惊蛰隐入黑暗,看着那冲天的火光映红了半个长安城的夜空,嘴角勾起一抹冷笑。
既然你要装弱,我就给你扣个通敌的大帽子。
禁军介入,众目睽睽之下搜出“狄文密信”,我看你怎么洗。
三日后。
国公府的大门被羽林卫粗暴地撞开。
理由堂皇正大:私通北狄,囤兵谋逆。
证据确凿——那封从火场里“抢救”出来的密信,经过鸿胪寺卿的辨认,确系北狄王庭的密语。
至于这密语为何如此拙劣?
那是上面的大人物们该操心的事,底下人只需要一个动手的借口。
武曌的圣旨下得极快。
但当惊蛰跪接圣旨时,却愣了一下。
诏书的最后一句,不是赏,也不是杀,而是带着一股子令人窒息的敲打:
【此案由察弊司协理官惊蛰监审,不得刑求,唯凭物证。
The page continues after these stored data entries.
(* For every integer $n\geq 1$, \[ (n+1)^{n-1}=\sum_{T}\frac{n!}{2^n}\prod_{v\in T}\left(1+\frac{1}{h(v)}\right), \] where the sum ranges over all (unlabeled) binary trees $T$ with $n$ vertices.
   Context: A binary tree is a rooted tree in which each vertex has a left subtree and a right subtree, each possibly empty; binary trees differing in whether a child is a left or a right child are distinct. For a vertex $v$ of a binary tree $T$, the hook length $h(v)$ is the number of descendants of $v$ in $T$, including $v$ itself. *)

theory Defs
  imports Complex_Main "HOL-Library.Tree"
begin

text \<open>Unlabeled binary trees are modelled as values of type unit tree
 (Leaf is the empty tree; Node l () r has left subtree l and right subtree r). The hook length of the root of a subtree
 Node l () r is the number of its vertices, i.e. its size.\<close>

definition binary_trees :: "nat \<Rightarrow> unit tree set" where
  "binary_trees n = {t. size t = n}"

fun hook_prod :: "unit tree \<Rightarrow> real" where
  "hook_prod Leaf = 1"
| "hook_prod (Node l x r) =
     (1 + 1 / real (size (Node l x r))) * hook_prod l * hook_prod r"

end

theory Submission
  imports Defs
begin

text \<open>Removing the root of a binary tree with n + 1 vertices leaves an ordered pair of
  subtrees with i and n - i vertices, and the root contributes the factor 1 + 1/(n + 1).
  So the sums S(n) of the hook products over all trees with n vertices satisfy
  S(n + 1) = (n + 2)/(n + 1) * (sum over i of S(i) * S(n - i)).
  In terms of the Abel polynomials A(n, x) = x * (x + n)^(n - 1), the ansatz
  S(n) = 2^n * A(n, 1) / n! solves this recurrence because of Abel's convolution identity
  (sum over k of (n choose k) * A(k, x) * A(n - k, y)) = A(n, x + y), which in turn
  follows from Abel's generalisation of the binomial theorem.\<close>

lemma sum_choose_Suc_split:
  fixes g :: "nat \<Rightarrow> 'a::comm_semiring_1"
  shows "(\<Sum>k\<le>Suc n. of_nat (Suc n choose k) * g k) =
         (\<Sum>k\<le>n. of_nat (n choose k) * g k) + (\<Sum>k\<le>n. of_nat (n choose k) * g (Suc k))"
proof -
  have "(\<Sum>k\<le>Suc n. of_nat (Suc n choose k) * g k)
      = g 0 + (\<Sum>k\<le>n. of_nat (n choose Suc k) * g (Suc k))
          + (\<Sum>k\<le>n. of_nat (n choose k) * g (Suc k))"
    by (simp only: sum.atMost_Suc_shift binomial_Suc_Suc of_nat_add distrib_right sum.distrib
        add.assoc) (simp add: add_ac)
  also have "g 0 + (\<Sum>k\<le>n. of_nat (n choose Suc k) * g (Suc k)) = (\<Sum>k\<le>n. of_nat (n choose k) * g k)"
    using sum.atMost_Suc_shift[of "\<lambda>k. of_nat (n choose k) * g k" n] by (simp add: binomial_eq_0)
  finally show ?thesis .
qed

lemma sum_choose_absorb_comp:
  fixes f :: "nat \<Rightarrow> 'a::comm_semiring_1"
  shows "(\<Sum>k\<le>Suc n. of_nat (Suc n choose k) * of_nat (Suc n - k) * f k) =
         of_nat (Suc n) * (\<Sum>k\<le>n. of_nat (n choose k) * f k)"
proof -
  have "of_nat (Suc n choose k) * of_nat (Suc n - k) * f k
      = of_nat (Suc n) * (of_nat (n choose k) * f k)" for k
    using binomial_absorb_comp[of "Suc n" k]
    by (metis diff_Suc_1 mult.assoc mult.commute of_nat_mult)
  then show ?thesis
    by (simp add: sum_distrib_left binomial_eq_0)
qed

lemma alternating_sum_choose_power_eq_0:
  fixes x :: "'a::comm_ring_1"
  assumes "j < n"
  shows "(\<Sum>k\<le>n. of_nat (n choose k) * (-1) ^ k * (x + of_nat k) ^ j) = 0"
  using assms
proof (induction n arbitrary: j x)
  case 0
  then show ?case by simp
next
  case (Suc n)
  \<comment> \<open>Pascal's rule turns the sum for n + 1 into a first difference of sums for n,
    and taking the difference lowers the degree j.\<close>
  define D where "D (y::'a) i = (\<Sum>k\<le>n. of_nat (n choose k) * (-1) ^ k * (y + of_nat k) ^ i)" for y i
  have binomial_shift: "(y + 1) ^ j - y ^ j = (\<Sum>i<j. of_nat (j choose i) * y ^ i)" for y :: 'a
    using binomial_ring[of y 1 j] by (simp add: lessThan_Suc_atMost[symmetric])
  have "(\<Sum>k\<le>Suc n. of_nat (Suc n choose k) * (-1) ^ k * (x + of_nat k) ^ j) = D x j - D (x + 1) j"
    unfolding D_def mult.assoc sum_choose_Suc_split by (simp add: sum_negf algebra_simps)
  also have "\<dots> = - (\<Sum>k\<le>n. of_nat (n choose k) * (-1) ^ k *
      ((x + of_nat k + 1) ^ j - (x + of_nat k) ^ j))"
    unfolding D_def by (simp add: sum_subtractf[symmetric] sum_negf[symmetric] algebra_simps)
  also have "\<dots> = - (\<Sum>i<j. of_nat (j choose i) * D x i)"
    unfolding binomial_shift D_def
    by (simp add: sum_distrib_left sum_distrib_right mult_ac sum.swap[of _ "{..n}"])
  also have "\<dots> = 0"
    using Suc.IH Suc.prems unfolding D_def by simp
  finally show ?case .
qed

definition abel_poly :: "nat \<Rightarrow> real \<Rightarrow> real" where
  "abel_poly n x = (if n = 0 then 1 else x * (x + real n) ^ (n - 1))"

lemma abel_poly_0 [simp]: "abel_poly 0 x = 1"
  by (simp add: abel_poly_def)

lemma abel_poly_eq_diff: "abel_poly n x = (x + real n) ^ n - real n * (x + real n) ^ (n - 1)"
  by (cases n) (simp_all add: abel_poly_def algebra_simps)

lemma abel_poly_mult_power:
  assumes "0 < n" "k \<le> n"
  shows "abel_poly k x * (x + real k) ^ (n - k) = x * (x + real k) ^ (n - 1)"
proof (cases k)
  case 0
  with assms show ?thesis by (simp add: power_eq_if)
next
  case (Suc i)
  with assms show ?thesis by (simp add: abel_poly_def power_add[symmetric])
qed

lemma abel_poly_Suc_1_eq: "2 * abel_poly (Suc n) 1 = (real n + 2) * abel_poly n 2"
  by (cases n) (simp_all add: abel_poly_def algebra_simps)

lemma abel_sum_has_real_derivative:
  "((\<lambda>z. \<Sum>k\<le>Suc m. real (Suc m choose k) * abel_poly k x * (z - real k) ^ (Suc m - k))
     has_real_derivative
     real (Suc m) * (\<Sum>k\<le>m. real (m choose k) * abel_poly k x * (z - real k) ^ (m - k))) (at z)"
proof -
  have "((\<lambda>z. \<Sum>k\<le>Suc m. real (Suc m choose k) * abel_poly k x * (z - real k) ^ (Suc m - k))
     has_real_derivative
     (\<Sum>k\<le>Suc m. real (Suc m choose k) * real (Suc m - k) *
        (abel_poly k x * (z - real k) ^ (m - k)))) (at z)"
    by (auto intro!: derivative_eq_intros sum.cong simp: mult_ac)
  then show ?thesis
    by (simp only: sum_choose_absorb_comp) (simp add: mult.assoc)
qed

lemma abel_sum_at_neg_eq_0:
  "(\<Sum>k\<le>Suc m. real (Suc m choose k) * abel_poly k x * (- x - real k) ^ (Suc m - k)) = 0"
proof -
  have "real (Suc m choose k) * abel_poly k x * (- x - real k) ^ (Suc m - k)
      = (-1) ^ Suc m * x * (real (Suc m choose k) * (-1) ^ k * (x + real k) ^ m)"
    if "k \<le> Suc m" for k
  proof -
    have "(- x - real k) ^ (Suc m - k) = (-1) ^ (Suc m - k) * (x + real k) ^ (Suc m - k)"
      by (simp add: power_minus[symmetric])
    moreover have "(-1::real) ^ (Suc m - k) = (-1) ^ Suc m * (-1) ^ k"
      using that by (metis neg_one_power_add_eq_neg_one_power_diff power_add)
    ultimately show ?thesis
      using abel_poly_mult_power[of "Suc m" k x] that by (simp add: mult_ac)
  qed
  then have "(\<Sum>k\<le>Suc m. real (Suc m choose k) * abel_poly k x * (- x - real k) ^ (Suc m - k))
      = (-1) ^ Suc m * x * (\<Sum>k\<le>Suc m. real (Suc m choose k) * (-1) ^ k * (x + real k) ^ m)"
    by (simp add: sum_distrib_left del: sum.atMost_Suc)
  also have "\<dots> = 0"
    by (simp add: alternating_sum_choose_power_eq_0 del: sum.atMost_Suc)
  finally show ?thesis .
qed

theorem abel_binomial:
  "(\<Sum>k\<le>n. real (n choose k) * abel_poly k x * (z - real k) ^ (n - k)) = (x + z) ^ n"
proof (induction n arbitrary: z)
  case 0
  show ?case by simp
next
  case (Suc m)
  \<comment> \<open>Both sides have the same derivative in z by induction, and both vanish at z = - x.\<close>
  define g where "g = (\<lambda>z. (\<Sum>k\<le>Suc m. real (Suc m choose k) * abel_poly k x *
    (z - real k) ^ (Suc m - k)) - (x + z) ^ Suc m)"
  have "((\<lambda>z. (x + z) ^ Suc m) has_real_derivative real (Suc m) * (x + z) ^ m) (at z)" for z
    by (rule derivative_eq_intros refl | simp)+
  then have "(g has_real_derivative real (Suc m) * (x + z) ^ m - real (Suc m) * (x + z) ^ m) (at z)"
    for z
    unfolding g_def using DERIV_diff[OF abel_sum_has_real_derivative[of m x z]]
    by (simp only: Suc.IH)
  then have "(g has_real_derivative 0) (at z)" for z
    by simp
  then have "g z = g (- x)"
    by (blast intro: DERIV_isconst_all)
  also have "\<dots> = 0"
    by (simp add: g_def abel_sum_at_neg_eq_0 del: sum.atMost_Suc)
  finally show ?case
    by (simp add: g_def)
qed

theorem abel_convolution:
  "(\<Sum>k\<le>n. real (n choose k) * abel_poly k x * abel_poly (n - k) y) = abel_poly n (x + y)"
proof (cases n)
  case 0
  then show ?thesis by simp
next
  case (Suc m)
  \<comment> \<open>Splitting abel_poly (n - k) y into two powers of y + n - k turns both halves into
    instances of Abel's binomial theorem with z = y + n.\<close>
  have leading: "(\<Sum>k\<le>n. real (n choose k) * abel_poly k x * (y + real (n - k)) ^ (n - k))
      = (x + y + real n) ^ n" (is "?L = _")
  proof -
    have "?L = (\<Sum>k\<le>n. real (n choose k) * abel_poly k x * ((y + real n) - real k) ^ (n - k))"
      by (intro sum.cong) (auto simp: algebra_simps)
    then show ?thesis
      unfolding abel_binomial by (simp add: add.assoc)
  qed
  have lower: "(\<Sum>k\<le>n. real (n choose k) * abel_poly k x *
      (real (n - k) * (y + real (n - k)) ^ (n - k - 1))) = real n * (x + y + real n) ^ m"
    (is "?L = _")
  proof -
    have "?L = (\<Sum>k\<le>Suc m. real (Suc m choose k) * real (Suc m - k) *
        (abel_poly k x * ((y + real n) - real k) ^ (m - k)))"
      using Suc by (intro sum.cong) (auto simp: algebra_simps)
    then show ?thesis
      unfolding sum_choose_absorb_comp
      by (simp only: mult.assoc[symmetric] abel_binomial Suc) (simp add: add.assoc)
  qed
  have "(\<Sum>k\<le>n. real (n choose k) * abel_poly k x * abel_poly (n - k) y)
      = (\<Sum>k\<le>n. real (n choose k) * abel_poly k x * (y + real (n - k)) ^ (n - k))
      - (\<Sum>k\<le>n. real (n choose k) * abel_poly k x *
          (real (n - k) * (y + real (n - k)) ^ (n - k - 1)))"
    by (simp add: abel_poly_eq_diff[of "n - _" y] sum_subtractf[symmetric] algebra_simps)
  also have "\<dots> = (x + y + real n) ^ n - real n * (x + y + real n) ^ m"
    by (simp only: leading lower)
  also have "\<dots> = abel_poly n (x + y)"
    using Suc by (simp add: abel_poly_def algebra_simps)
  finally show ?thesis .
qed

lemma binary_trees_0: "binary_trees 0 = {Leaf}"
  by (auto simp: binary_trees_def)

lemma binary_trees_Suc:
  "binary_trees (Suc n) =
    (\<lambda>(l, r). Node l () r) ` (\<Union>i\<le>n. binary_trees i \<times> binary_trees (n - i))"
proof (intro equalityI subsetI)
  fix t
  assume "t \<in> binary_trees (Suc n)"
  then obtain l r where "t = Node l () r" "size l \<le> n" "size r = n - size l"
    by (cases t) (auto simp: binary_trees_def)
  then show "t \<in> (\<lambda>(l, r). Node l () r) ` (\<Union>i\<le>n. binary_trees i \<times> binary_trees (n - i))"
    by (auto simp: binary_trees_def image_iff)
qed (auto simp: binary_trees_def)

lemma finite_binary_trees: "finite (binary_trees n)"
proof (induction n rule: less_induct)
  case (less n)
  then show ?case
    by (cases n) (auto simp: binary_trees_0 binary_trees_Suc)
qed

lemma sum_binary_trees_Suc:
  "(\<Sum>t\<in>binary_trees (Suc n). f t) =
   (\<Sum>i\<le>n. \<Sum>l\<in>binary_trees i. \<Sum>r\<in>binary_trees (n - i). f (Node l () r))"
proof -
  have "inj_on (\<lambda>(l, r). Node l () r) (\<Union>i\<le>n. binary_trees i \<times> binary_trees (n - i))"
    by (auto simp: inj_on_def)
  then have "(\<Sum>t\<in>binary_trees (Suc n). f t)
      = (\<Sum>(l, r)\<in>(\<Union>i\<le>n. binary_trees i \<times> binary_trees (n - i)). f (Node l () r))"
    by (simp add: binary_trees_Suc sum.reindex case_prod_unfold)
  also have "\<dots> =
      (\<Sum>i\<le>n. \<Sum>(l, r)\<in>binary_trees i \<times> binary_trees (n - i). f (Node l () r))"
    by (rule sum.UNION_disjoint) (auto simp: finite_binary_trees, auto simp: binary_trees_def)
  finally show ?thesis
    by (simp add: sum.cartesian_product)
qed

definition hook_sum :: "nat \<Rightarrow> real" where
  "hook_sum n = (\<Sum>t\<in>binary_trees n. hook_prod t)"

lemma hook_sum_Suc:
  "hook_sum (Suc n) = (1 + 1 / real (Suc n)) * (\<Sum>i\<le>n. hook_sum i * hook_sum (n - i))"
proof -
  have "hook_sum (Suc n) = (\<Sum>i\<le>n. \<Sum>l\<in>binary_trees i. \<Sum>r\<in>binary_trees (n - i).
      (1 + 1 / real (Suc n)) * (hook_prod l * hook_prod r))"
    unfolding hook_sum_def sum_binary_trees_Suc
    by (intro sum.cong refl) (auto simp: binary_trees_def)
  moreover have "hook_sum i * hook_sum (n - i) =
      (\<Sum>l\<in>binary_trees i. \<Sum>r\<in>binary_trees (n - i). hook_prod l * hook_prod r)" for i
    by (simp add: hook_sum_def sum_product)
  ultimately show ?thesis
    by (simp add: sum_distrib_left)
qed

lemma hook_sum_eq: "hook_sum n = 2 ^ n * abel_poly n 1 / fact n"
proof (induction n rule: less_induct)
  case (less n)
  show ?case
  proof (cases n)
    case 0
    then show ?thesis by (simp add: hook_sum_def binary_trees_0)
  next
    case (Suc k)
    have product: "hook_sum i * hook_sum (k - i)
        = 2 ^ k / fact k * (real (k choose i) * abel_poly i 1 * abel_poly (k - i) 1)"
      if "i \<le> k" for i
    proof -
      have "hook_sum i * hook_sum (k - i)
          = 2 ^ i * abel_poly i 1 / fact i * (2 ^ (k - i) * abel_poly (k - i) 1 / fact (k - i))"
        using less Suc that by simp
      also have "\<dots> = 2 ^ k / fact k *
          (fact k / (fact i * fact (k - i)) * abel_poly i 1 * abel_poly (k - i) 1)"
        using that by (simp add: field_simps flip: power_add)
      finally show ?thesis
        by (simp only: binomial_fact[OF that])
    qed
    have "(\<Sum>i\<le>k. hook_sum i * hook_sum (k - i))
        = 2 ^ k / fact k * (\<Sum>i\<le>k. real (k choose i) * abel_poly i 1 * abel_poly (k - i) 1)"
      unfolding sum_distrib_left by (intro sum.cong refl) (simp add: product)
    also have "\<dots> = 2 ^ k / fact k * abel_poly k 2"
      using abel_convolution[of k 1 1] by simp
    finally have "hook_sum n = (1 + 1 / real (Suc k)) * (2 ^ k / fact k * abel_poly k 2)"
      by (simp add: Suc hook_sum_Suc)
    also have "\<dots> = 2 ^ k / fact n * ((real k + 2) * abel_poly k 2)"
      using Suc by (simp add: field_simps)
    also have "\<dots> = 2 ^ n * abel_poly n 1 / fact n"
      using Suc by (simp flip: abel_poly_Suc_1_eq)
    finally show ?thesis .
  qed
qed

theorem theorem1:
  fixes n :: nat
  assumes "n \<ge> 1"
  shows "real ((n + 1) ^ (n - 1)) =
    (\<Sum>T\<in>binary_trees n. fact n / 2 ^ n * hook_prod T)"
proof -
  have "(\<Sum>T\<in>binary_trees n. fact n / 2 ^ n * hook_prod T) = fact n / 2 ^ n * hook_sum n"
    by (simp add: hook_sum_def sum_distrib_left)
  also have "\<dots> = abel_poly n 1"
    by (simp add: hook_sum_eq)
  also have "\<dots> = real ((n + 1) ^ (n - 1))"
    using assms by (simp add: abel_poly_def)
  finally show ?thesis by simp
qed

end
】
惊蛰捧着圣旨的手指微微收紧。
不得刑求。
这是要把她的爪牙拔了一半。
没有酷刑,那些嘴硬的死士根本不会开口。
武曌这是在逼她,逼她不用蛮力,而用脑子把这桩铁案办死。
这是试炼,也是警告:做刀可以,但别只做一把只会见血的屠刀。
是夜,察弊司值房。
炭盆里的火烧得正旺,偶尔爆出一两点火星。
惊蛰独自坐在案前,面前摊开着那份刚刚逼着国公画押的认罪书——虽然不能动刑,但那是对肉体。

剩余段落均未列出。